• [Material supplied]

lemma sum_list_permute_list:
  fixes xs :: "'a::comm_monoid_add list"
  shows "\<pi> permutes {..<length xs} \<Longrightarrow> sum_list (permute_list \<pi> xs) = sum_list xs"
  by (simp flip: sum_mset_sum_list)

lemma sign_compose_permutes:
  "\<sigma> permutes S \<Longrightarrow> \<tau> permutes S \<Longrightarrow> finite S \<Longrightarrow> sign (\<sigma> \<circ> \<tau>) = sign \<sigma> * sign \<tau>"
  by (simp add: permutes_imp_permutation sign_compose)

lemma alt_coeff_permute_list:
  assumes "\<pi> permutes {..<length l}"
  shows "alt_coeff q (permute_list \<pi> l) = of_int (sign \<pi>) * alt_coeff q l"
proof -
  let ?P = "{p. p permutes {..<length l}}"
  let ?w = "\<lambda>p. q powi wedge_weight (permute_list p l)"
  have "alt_coeff q (permute_list \<pi> l) = (\<Sum>p\<in>?P. of_int (sign p) * ?w (\<pi> \<circ> p))"
    unfolding alt_coeff_def by (intro sum.cong) (auto simp: permute_list_compose)
  also have "\<dots> = (\<Sum>p\<in>?P. of_int (sign (inv \<pi> \<circ> p)) * ?w (\<pi> \<circ> (inv \<pi> \<circ> p)))"
    by (rule setum_permutations_compose_left[OF permutes_inv[OF assms]])
  also have "\<dots> = (\<Sum>p\<in>?P. of_int (sign \<pi>) * (of_int (sign p) * ?w p))"
  proof (rule sum.cong)
    fix p assume "p \<in> ?P"
    then have "sign (inv \<pi> \<circ> p) = sign \<pi> * sign p"
      using sign_compose_permutes[OF permutes_inv[OF assms]]
        sign_inverse[OF permutes_imp_permutation[OF finite_lessThan assms]]
      by simp
    moreover have "\<pi> \<circ> (inv \<pi> \<circ> p) = p"
      using permutes_inverses(1)[OF assms] by (auto simp: fun_eq_iff)
    ultimately show "of_int (sign (inv \<pi> \<circ> p)) * ?w (\<pi> \<circ> (inv \<pi> \<circ> p))
        = of_int (sign \<pi>) * (of_int (sign p) * ?w p)"
      by simp
  qed simp
  finally show ?thesis
    by (simp add: alt_coeff_def sum_distrib_left)
qed

section \<open>Permutations of positions\<close>

definition shift_cycle :: "nat \<Rightarrow> nat \<Rightarrow> nat \<Rightarrow> nat" where
  "shift_cycle a m i = (if i = a then a + m else if a < i \<and> i \<le> a + m then i - 1 else i)"

lemma shift_cycle_Suc:
  "shift_cycle a (Suc m) = Transposition.transpose (a + m) (a + m + 1) \<circ> shift_cycle a m"
  by (auto simp: fun_eq_iff shift_cycle_def Transposition.transpose_def)

lemma shift_cycle_permutes_sign:
  "shift_cycle a m permutes {a..a + m} \<and> sign (shift_cycle a m) = (-1) ^ m"
proof (induction m)
  case 0
  have "shift_cycle a 0 = id"
    by (auto simp: fun_eq_iff shift_cycle_def)
  then show ?case
    by (simp add: permutes_id sign_id del: id_apply)
next
  case (Suc m)
  have t: "Transposition.transpose (a + m) (a + m + 1) permutes {a..a + Suc m}"
    by (rule permutes_swap_id) auto
  have c: "shift_cycle a m permutes {a..a + Suc m}"
    using Suc.IH by (auto intro: permutes_subset)
  have "sign (shift_cycle a (Suc m)) = (-1) ^ Suc m"
    unfolding shift_cycle_Suc sign_compose_permutes[OF t c finite_atLeastAtMost]
    using Suc.IH by (simp add: sign_swap_id)
  moreover have "shift_cycle a (Suc m) permutes {a..a + Suc m}"
    unfolding shift_cycle_Suc by (rule permutes_compose[OF c t])
  ultimately show ?case
    by simp
qed

definition prefix_rotation :: "nat \<Rightarrow> nat \<Rightarrow> nat \<Rightarrow> nat" where
  "prefix_rotation n j i = (if i < j then n + i else if i < j + n then i - j else i)"
definition attr :: "nat \<Rightarrow> (nat \<Rightarrow> nat \<Rightarrow> real) \<Rightarrow> (nat \<Rightarrow> real) set" where
  "attr n A = {x. (\<forall>i<n. 0 \<le> x i) \<and>
     (\<exists>t. \<forall>i<n. mx_mult_vec n (mx_pow n A (Suc t)) x i
               = mx_lambda n A * mx_mult_vec n (mx_pow n A t) x i)}"

definition circ :: "nat \<Rightarrow> (nat \<Rightarrow> real) \<Rightarrow> nat \<Rightarrow> nat \<Rightarrow> real" where
  "circ n a = (\<lambda>i j. a ((j + n - i) mod n))"

definition itv :: "real \<Rightarrow> real \<Rightarrow> bool \<Rightarrow> bool \<Rightarrow> real set" where
  "itv l u cl cr = {x. (if cl then l \<le> x else l < x) \<and> (if cr then x \<le> u else x < u)}"

definition nonneg_itv :: "real \<Rightarrow> real \<Rightarrow> bool \<Rightarrow> bool \<Rightarrow> bool" where
  "nonneg_itv l u cl cr \<longleftrightarrow> 0 \<le> l \<and> l \<le> u \<and> itv l u cl cr \<noteq> {}"

definition hat_a :: "nat \<Rightarrow> (nat \<Rightarrow> real) \<Rightarrow> (nat \<Rightarrow> real) \<Rightarrow> nat \<Rightarrow> real" where
  "hat_a n al au = (\<lambda>i. min (Max (al ` {..<n})) (au i))"

end

theory Submission
  imports Defs
begin

text \<open>The (i, j) entry of the k-th max-times power of Circ(w) is the largest product of k
  weights w u whose step sizes u add up to j - i modulo n.  Consequently the greatest eigenvalue
  of Circ(w) is max w, and by pigeonhole Circ(w)^(L+n) = (max w)^n Circ(w)^L as soon as
  L \<ge> n(n-1).  Write H for the matrix hat A and \<mu> = \<lambda>(H).  If x is attracted by some A = Circ(a)
  from the interval, then \<lambda>(A)^k x \<le> A^k x for all large k; since (\<mu>/\<lambda>(A)) A \<le> H entrywise,
  also \<mu>^k x \<le> H^k x, and periodicity of the normalised powers H^k / \<mu>^k then forces
  H^(n^2+1) x = \<mu> H^(n^2) x.  Conversely H itself witnesses robustness.\<close>

lemma Max_lessThan_ge: "j < n \<Longrightarrow> f j \<le> Max (f ` {..<n :: nat})"
  by (rule Max_ge) auto

lemma Max_lessThan_le_iff: "0 < n \<Longrightarrow> Max (f ` {..<n :: nat}) \<le> b \<longleftrightarrow> (\<forall>j<n. f j \<le> b)"
  by (subst Max_le_iff) auto
theorem corollary3p2:
  fixes V :: "'a set" and E :: "('a \<times> 'a) set"
  assumes "digraph V E"
    and "\<not> dichromatic_le_omega V E"
  shows "embeds (UNIV :: nat set) ray_edges V E
    \<and> (\<forall>d. embeds (UNIV :: nat list set) (tree_orientation_edges d) V E)"
proof -
  obtain U where "U \<subseteq> V" "U \<noteq> {}" "infinite_min_degree E U"
    using not_dichromatic_le_omega_imp_infinite_min_degree[OF assms] .
  then have "\<forall>d. embeds (UNIV :: nat list set) (tree_orientation_edges d) V E"
    using infinite_min_degree_imp_embeds_tree by blast
  then show ?thesis using embeds_ray_if_embeds_tree by blast
qed

end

• [Exercise aim] From the records above, copy only the lines starting with the line that holds "a = (\<lambda>i" and going on through the line that holds "theory Submission", exactly as written.

• [Worked solution]
  "circ n a = (\<lambda>i j. a ((j + n - i) mod n))"

definition itv :: "real \<Rightarrow> real \<Rightarrow> bool \<Rightarrow> bool \<Rightarrow> real set" where
  "itv l u cl cr = {x. (if cl then l \<le> x else l < x) \<and> (if cr then x \<le> u else x < u)}"

definition nonneg_itv :: "real \<Rightarrow> real \<Rightarrow> bool \<Rightarrow> bool \<Rightarrow> bool" where
  "nonneg_itv l u cl cr \<longleftrightarrow> 0 \<le> l \<and> l \<le> u \<and> itv l u cl cr \<noteq> {}"

definition hat_a :: "nat \<Rightarrow> (nat \<Rightarrow> real) \<Rightarrow> (nat \<Rightarrow> real) \<Rightarrow> nat \<Rightarrow> real" where
  "hat_a n al au = (\<lambda>i. min (Max (al ` {..<n})) (au i))"

end

theory Submission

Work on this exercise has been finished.